Dark morph B. j. calurus adults are typically all chocolate brown above and below (although sometimes variously even jet black or with a bit of tawny feather edging below) with a rufous tail, which sometimes has heavy blackish crossbars but is usually similar to other red tails. Dark morph juveniles are usually mostly dark brown but with extensive pale mottling on the back and occasional tawny-edge feathers on the underside and slightly broader bars on the tail than pale morph B. j. calurus.

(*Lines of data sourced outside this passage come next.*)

(* Let $\mathcal T\in\Sigma^n$ be a text. The permutations $\pi,\bar\pi$ defined as $\pi(i)=\mathrm{IPA}[i]$ and $\bar\pi(i)=n-\mathrm{IPA}[i]+1$ for $i\in[n]$ are order-preserving for $\mathcal T$. Furthermore, $|\mathtt{st\text{-}colex}^-|\le\bar r$ and $|\mathtt{st\text{-}colex}^+|\le\bar r$.
   Context: A text is a string $\mathcal T\in\Sigma^n$ over an integer alphabet whose last symbol $\mathcal T[n]=\$$ occurs only there and is smallest. $\mathrm{IPA}[i]$ is the rank of the prefix $\mathcal T[1,i]$ among all prefixes of $\mathcal T$ in colexicographic order. A permutation $\pi:[n]\to[n]$ is order-preserving for $\mathcal T$ if for all $i,j\in[n-1]$, $\pi(i)<\pi(j)$ and $\mathcal T[i,i+1]=\mathcal T[j,j+1]$ imply $\pi(i+1)<\pi(j+1)$. For $i\ne j$, $\mathrm{rlce}(i,j)$ is the length of the longest common prefix of $\mathcal T[i,n]$ and $\mathcal T[j,n]$; $\mathrm{LPF}_\pi[i]=0$ if $\pi(i)=1$, else $\mathrm{LPF}_\pi[i]=\max_{\pi(j)<\pi(i)}\mathrm{rlce}(j,i)$; $\mathrm{PDA}_\pi$ is the set $\{i+\mathrm{LPF}_\pi[i]:i\in[n]\}$ sorted colexicographically by the prefixes $\mathcal T[1,j]$. $\mathtt{st\text{-}colex}^-=\mathrm{PDA}_\pi$ and $\mathtt{st\text{-}colex}^+=\mathrm{PDA}_{\bar\pi}$. $\bar r$ is the number of maximal equal-letter runs of $\mathrm{coBWT}(\mathcal T)$, obtained by sorting all rotations of $\mathcal T$ colexicographically and concatenating their first characters. *)

theory Defs
  imports Main
begin

(* Texts are lists over the integer alphabet nat; positions are 1-based:
   T[i] = T ! (i-1), n = length T. *)

definition is_text :: "nat list \<Rightarrow> bool" where
  "is_text T \<longleftrightarrow> T \<noteq> [] \<and> (\<forall>i < length T - 1. T ! i > last T)"

definition colex_less :: "nat list \<Rightarrow> nat list \<Rightarrow> bool" where
  "colex_less xs ys \<longleftrightarrow> (rev xs, rev ys) \<in> lexord {(a, b). a < b}"

definition IPA :: "nat list \<Rightarrow> nat \<Rightarrow> nat" where
  "IPA T i = card {j \<in> {1..length T}. colex_less (take j T) (take i T)} + 1"

definition order_preserving :: "nat list \<Rightarrow> (nat \<Rightarrow> nat) \<Rightarrow> bool" where
  "order_preserving T \<pi> \<longleftrightarrow> bij_betw \<pi> {1..length T} {1..length T} \<and>
     (\<forall>i \<in> {1..length T - 1}. \<forall>j \<in> {1..length T - 1}.
        \<pi> i < \<pi> j \<and> T ! (i - 1) = T ! (j - 1) \<and> T ! i = T ! j \<longrightarrow> \<pi> (i + 1) < \<pi> (j + 1))"

fun lcp :: "nat list \<Rightarrow> nat list \<Rightarrow> nat" where
  "lcp (x # xs) (y # ys) = (if x = y then Suc (lcp xs ys) else 0)"
| "lcp _ _ = 0"

definition rlce :: "nat list \<Rightarrow> nat \<Rightarrow> nat \<Rightarrow> nat" where
  "rlce T i j = lcp (drop (i - 1) T) (drop (j - 1) T)"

Intermediate or rufous morphs are rich rufous on the breast, with a broad, solid chocolate-brown belly band and heavily barred thighs and crissum. Like dark morphs, rufous morph adults usually lack the incomplete V on the back, but sometimes rufous feathers can manifest on one. Adults may show nearly endless variation in coloring and many may combine several characteristics of the three main morphs. Rufous morph immatures are more similar to pale morph ones but are considerably more heavily streaked almost everywhere below from the thighs to the upper chest. Individuals of northwestern Mexico may average paler than most B. j. calurus, lacking the typical dark wing markings.

==Distribution==
This race seems to have the greatest longitudinal breeding distribution of any race of red-tailed hawk, and put together with B. j. borealis these two subspecies may occupy nearly 75% of the breeding range of red-tailed hawks in North America. B. j. calurus reaches its northern limits as a breeder in north-central British Columbia, much of the western part of the Yukon, interior Alaska and, near Inuvik in the Northwest Territories, the latter being the northernmost breeding range of the red-tailed hawk species. The race may breed as far south as northwestern Sonora in Mexico. Its eastern limits are reached around central Manitoba, while to the south the states of Montana, Wyoming, Utah, New Mexico and Colorado are mostly occupied by B. j. calurus. Wintering birds from interior southwestern British Columbia may move south to as far as southwest to Guatemala and northern Nicaragua. Linearly, this relatively large subspecies can seem to run almost contrary to Bergmann's rule, with birds of the Great Basin being longer winged than most Canadian ones.